Input for this task ->
(* Let $n\ge1$, $a,b\in\mathbb{C}$, and for $\beta=(\alpha_1,\dots,\alpha_n,\delta)\in\mathbb{C}^{n+1}$ put \[ \Phi(\beta;x)=\int_a^b t^{-\delta-1}\prod_{k=1}^n(x_{1k}+x_{2k}t)^{\alpha_k}\,dt,\qquad g(t,x)=t^{-\delta}\prod_{k=1}^n(x_{1k}+x_{2k}t)^{\alpha_k}, \] and assume $\mathrm{Re}(-\delta-1)>0$ and $\mathrm{Re}\,\alpha_k>0$ for all $k$. For each $1\le k\le n$, let $a_{1k}=e_k$ and $a_{2k}=e_k+e_{n+1}$ in $\mathbb{Z}^{n+1}$ (standard basis $e_1,\dots,e_{n+1}$). Then $\Phi$ satisfies the contiguity relations \begin{align*} S(\beta;-a_{1k})\,\Phi(\beta;x)&=\alpha_k\,\Phi(\beta-a_{1k};x),\\ S(\beta-a_{1k};+a_{1k})\,\Phi(\beta-a_{1k};x)&=\Big(\sum_{i=1}^n\alpha_i-\delta\Big)\Phi(\beta;x)-[g(t,x)]_{t=a}^{t=b},\\ S(\beta;-a_{2k})\,\Phi(\beta;x)&=\alpha_k\,\Phi(\beta-a_{2k};x),\\ S(\beta-a_{2k};+a_{2k})\,\Phi(\beta-a_{2k};x)&=\delta\,\Phi(\beta;x)+[g(t,x)]_{t=a}^{t=b}, \end{align*} where \begin{align*} S(\beta;-a_{1k})&=\partial_{1k},\qquad S(\beta;-a_{2k})=\partial_{2k},\\ S(\beta-a_{1k};+a_{1k})&=\sum_{i=1,\,i\ne k}^n(x_{1i}x_{2k}-x_{1k}x_{2i})\partial_{2i}+\sum_{i=1}^n\alpha_i\,x_{1k},\\ S(\beta-a_{2k};+a_{2k})&=\sum_{i=1,\,i\ne k}^n x_{1k}x_{2i}\partial_{1i}+\Big(\sum_{i=1,\,i\ne k}^n\theta_{2i}+\alpha_k\Big)x_{2k}. \end{align*}
   Context: Variables $x=(x_{ij})_{i=1,2;\,1\le j\le n}$, $\partial_{ij}=\partial/\partial x_{ij}$, $\theta_{ij}=x_{ij}\partial_{ij}$; products of operators are compositions. $[g(t,x)]_{t=a}^{t=b}=g(b,x)-g(a,x)$, with $g$ built from the parameter $\beta=(\alpha_1,\dots,\alpha_n,\delta)$; branches of the powers are fixed along the path of integration. For a parameter vector $\beta'=(\alpha'_1,\dots,\alpha'_n,\delta')$, $\Phi(\beta';x)$ denotes the same integral with $\alpha_k,\delta$ replaced by $\alpha'_k,\delta'$. The $\alpha_i$ in the operators are the components of $\beta$. *)

theory Defs
  imports "HOL-Complex_Analysis.Complex_Analysis"
begin

text \<open>Points x = (x_{1j}, x_{2j})_j are represented as pairs (fst x, snd x) of
  vectors in complex^'n; the number n of columns is CARD('n).\<close>

text \<open>Power with a fixed branch: w is the base, l a chosen logarithm of w
  (exp l = w whenever w is nonzero), c the exponent.  At w = 0 the value is the
  limit 0 (the exponents used at such points have positive real part).\<close>
definition pw :: "complex \<Rightarrow> complex \<Rightarrow> complex \<Rightarrow> complex" where
  "pw w l c = (if w = 0 then 0 else exp (c * l))"

definition lin :: "(complex^'n) \<times> (complex^'n) \<Rightarrow> 'n \<Rightarrow> complex \<Rightarrow> complex" where
  "lin x k t = fst x $ k + snd x $ k * t"

definition integrand ::
  "(real \<Rightarrow> complex) \<Rightarrow> (real \<Rightarrow> complex) \<Rightarrow> ('n \<Rightarrow> (complex^'n) \<times> (complex^'n) \<Rightarrow> real \<Rightarrow> complex)
   \<Rightarrow> complex^'n \<Rightarrow> complex \<Rightarrow> (complex^'n) \<times> (complex^'n) \<Rightarrow> real \<Rightarrow> complex" where
  "integrand \<gamma> lt lL \<alpha> \<delta> x s =
     pw (\<gamma> s) (lt s) (- \<delta> - 1) * (\<Prod>k\<in>UNIV. pw (lin x k (\<gamma> s)) (lL k x s) (\<alpha> $ k))"

text \<open>Phi(beta; x) = integral along gamma (the contour integral written out,
  exactly as in the definition of has_contour_integral).\<close>
definition Phi ::
  "(real \<Rightarrow> complex) \<Rightarrow> (real \<Rightarrow> complex) \<Rightarrow> ('n \<Rightarrow> (complex^'n) \<times> (complex^'n) \<Rightarrow> real \<Rightarrow> complex)
   \<Rightarrow> complex^'n \<Rightarrow> complex \<Rightarrow> (complex^'n) \<times> (complex^'n) \<Rightarrow> complex" where
  "Phi \<gamma> lt lL \<alpha> \<delta> x =
     integral {0..1} (\<lambda>s. integrand \<gamma> lt lL \<alpha> \<delta> x s * vector_derivative \<gamma> (at s within {0..1}))"

definition gfun ::
  "(real \<Rightarrow> complex) \<Rightarrow> (real \<Rightarrow> complex) \<Rightarrow> ('n \<Rightarrow> (complex^'n) \<times> (complex^'n) \<Rightarrow> real \<Rightarrow> complex)
   \<Rightarrow> complex^'n \<Rightarrow> complex \<Rightarrow> (complex^'n) \<times> (complex^'n) \<Rightarrow> real \<Rightarrow> complex" where
  "gfun \<gamma> lt lL \<alpha> \<delta> x s =
     pw (\<gamma> s) (lt s) (- \<delta>) * (\<Prod>k\<in>UNIV. pw (lin x k (\<gamma> s)) (lL k x s) (\<alpha> $ k))"

definition upd1 :: "(complex^'n) \<times> (complex^'n) \<Rightarrow> 'n \<Rightarrow> complex \<Rightarrow> (complex^'n) \<times> (complex^'n)" where
  "upd1 x i z = ((\<chi> j. if j = i then z else fst x $ j), snd x)"

definition upd2 :: "(complex^'n) \<times> (complex^'n) \<Rightarrow> 'n \<Rightarrow> complex \<Rightarrow> (complex^'n) \<times> (complex^'n)" where
  "upd2 x i z = (fst x, (\<chi> j. if j = i then z else snd x $ j))"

Your instructions -> Each record above, from first to last, should be written out again exactly.

Output below ->
(* Let $n\ge1$, $a,b\in\mathbb{C}$, and for $\beta=(\alpha_1,\dots,\alpha_n,\delta)\in\mathbb{C}^{n+1}$ put \[ \Phi(\beta;x)=\int_a^b t^{-\delta-1}\prod_{k=1}^n(x_{1k}+x_{2k}t)^{\alpha_k}\,dt,\qquad g(t,x)=t^{-\delta}\prod_{k=1}^n(x_{1k}+x_{2k}t)^{\alpha_k}, \] and assume $\mathrm{Re}(-\delta-1)>0$ and $\mathrm{Re}\,\alpha_k>0$ for all $k$. For each $1\le k\le n$, let $a_{1k}=e_k$ and $a_{2k}=e_k+e_{n+1}$ in $\mathbb{Z}^{n+1}$ (standard basis $e_1,\dots,e_{n+1}$). Then $\Phi$ satisfies the contiguity relations \begin{align*} S(\beta;-a_{1k})\,\Phi(\beta;x)&=\alpha_k\,\Phi(\beta-a_{1k};x),\\ S(\beta-a_{1k};+a_{1k})\,\Phi(\beta-a_{1k};x)&=\Big(\sum_{i=1}^n\alpha_i-\delta\Big)\Phi(\beta;x)-[g(t,x)]_{t=a}^{t=b},\\ S(\beta;-a_{2k})\,\Phi(\beta;x)&=\alpha_k\,\Phi(\beta-a_{2k};x),\\ S(\beta-a_{2k};+a_{2k})\,\Phi(\beta-a_{2k};x)&=\delta\,\Phi(\beta;x)+[g(t,x)]_{t=a}^{t=b}, \end{align*} where \begin{align*} S(\beta;-a_{1k})&=\partial_{1k},\qquad S(\beta;-a_{2k})=\partial_{2k},\\ S(\beta-a_{1k};+a_{1k})&=\sum_{i=1,\,i\ne k}^n(x_{1i}x_{2k}-x_{1k}x_{2i})\partial_{2i}+\sum_{i=1}^n\alpha_i\,x_{1k},\\ S(\beta-a_{2k};+a_{2k})&=\sum_{i=1,\,i\ne k}^n x_{1k}x_{2i}\partial_{1i}+\Big(\sum_{i=1,\,i\ne k}^n\theta_{2i}+\alpha_k\Big)x_{2k}. \end{align*}
   Context: Variables $x=(x_{ij})_{i=1,2;\,1\le j\le n}$, $\partial_{ij}=\partial/\partial x_{ij}$, $\theta_{ij}=x_{ij}\partial_{ij}$; products of operators are compositions. $[g(t,x)]_{t=a}^{t=b}=g(b,x)-g(a,x)$, with $g$ built from the parameter $\beta=(\alpha_1,\dots,\alpha_n,\delta)$; branches of the powers are fixed along the path of integration. For a parameter vector $\beta'=(\alpha'_1,\dots,\alpha'_n,\delta')$, $\Phi(\beta';x)$ denotes the same integral with $\alpha_k,\delta$ replaced by $\alpha'_k,\delta'$. The $\alpha_i$ in the operators are the components of $\beta$. *)

theory Defs
  imports "HOL-Complex_Analysis.Complex_Analysis"
begin

text \<open>Points x = (x_{1j}, x_{2j})_j are represented as pairs (fst x, snd x) of
  vectors in complex^'n; the number n of columns is CARD('n).\<close>

text \<open>Power with a fixed branch: w is the base, l a chosen logarithm of w
  (exp l = w whenever w is nonzero), c the exponent.  At w = 0 the value is the
  limit 0 (the exponents used at such points have positive real part).\<close>
definition pw :: "complex \<Rightarrow> complex \<Rightarrow> complex \<Rightarrow> complex" where
  "pw w l c = (if w = 0 then 0 else exp (c * l))"

definition lin :: "(complex^'n) \<times> (complex^'n) \<Rightarrow> 'n \<Rightarrow> complex \<Rightarrow> complex" where
  "lin x k t = fst x $ k + snd x $ k * t"

definition integrand ::
  "(real \<Rightarrow> complex) \<Rightarrow> (real \<Rightarrow> complex) \<Rightarrow> ('n \<Rightarrow> (complex^'n) \<times> (complex^'n) \<Rightarrow> real \<Rightarrow> complex)
   \<Rightarrow> complex^'n \<Rightarrow> complex \<Rightarrow> (complex^'n) \<times> (complex^'n) \<Rightarrow> real \<Rightarrow> complex" where
  "integrand \<gamma> lt lL \<alpha> \<delta> x s =
     pw (\<gamma> s) (lt s) (- \<delta> - 1) * (\<Prod>k\<in>UNIV. pw (lin x k (\<gamma> s)) (lL k x s) (\<alpha> $ k))"

text \<open>Phi(beta; x) = integral along gamma (the contour integral written out,
  exactly as in the definition of has_contour_integral).\<close>
definition Phi ::
  "(real \<Rightarrow> complex) \<Rightarrow> (real \<Rightarrow> complex) \<Rightarrow> ('n \<Rightarrow> (complex^'n) \<times> (complex^'n) \<Rightarrow> real \<Rightarrow> complex)
   \<Rightarrow> complex^'n \<Rightarrow> complex \<Rightarrow> (complex^'n) \<times> (complex^'n) \<Rightarrow> complex" where
  "Phi \<gamma> lt lL \<alpha> \<delta> x =
     integral {0..1} (\<lambda>s. integrand \<gamma> lt lL \<alpha> \<delta> x s * vector_derivative \<gamma> (at s within {0..1}))"

definition gfun ::
  "(real \<Rightarrow> complex) \<Rightarrow> (real \<Rightarrow> complex) \<Rightarrow> ('n \<Rightarrow> (complex^'n) \<times> (complex^'n) \<Rightarrow> real \<Rightarrow> complex)
   \<Rightarrow> complex^'n \<Rightarrow> complex \<Rightarrow> (complex^'n) \<times> (complex^'n) \<Rightarrow> real \<Rightarrow> complex" where
  "gfun \<gamma> lt lL \<alpha> \<delta> x s =
     pw (\<gamma> s) (lt s) (- \<delta>) * (\<Prod>k\<in>UNIV. pw (lin x k (\<gamma> s)) (lL k x s) (\<alpha> $ k))"

definition upd1 :: "(complex^'n) \<times> (complex^'n) \<Rightarrow> 'n \<Rightarrow> complex \<Rightarrow> (complex^'n) \<times> (complex^'n)" where
  "upd1 x i z = ((\<chi> j. if j = i then z else fst x $ j), snd x)"

definition upd2 :: "(complex^'n) \<times> (complex^'n) \<Rightarrow> 'n \<Rightarrow> complex \<Rightarrow> (complex^'n) \<times> (complex^'n)" where
  "upd2 x i z = (fst x, (\<chi> j. if j = i then z else snd x $ j))"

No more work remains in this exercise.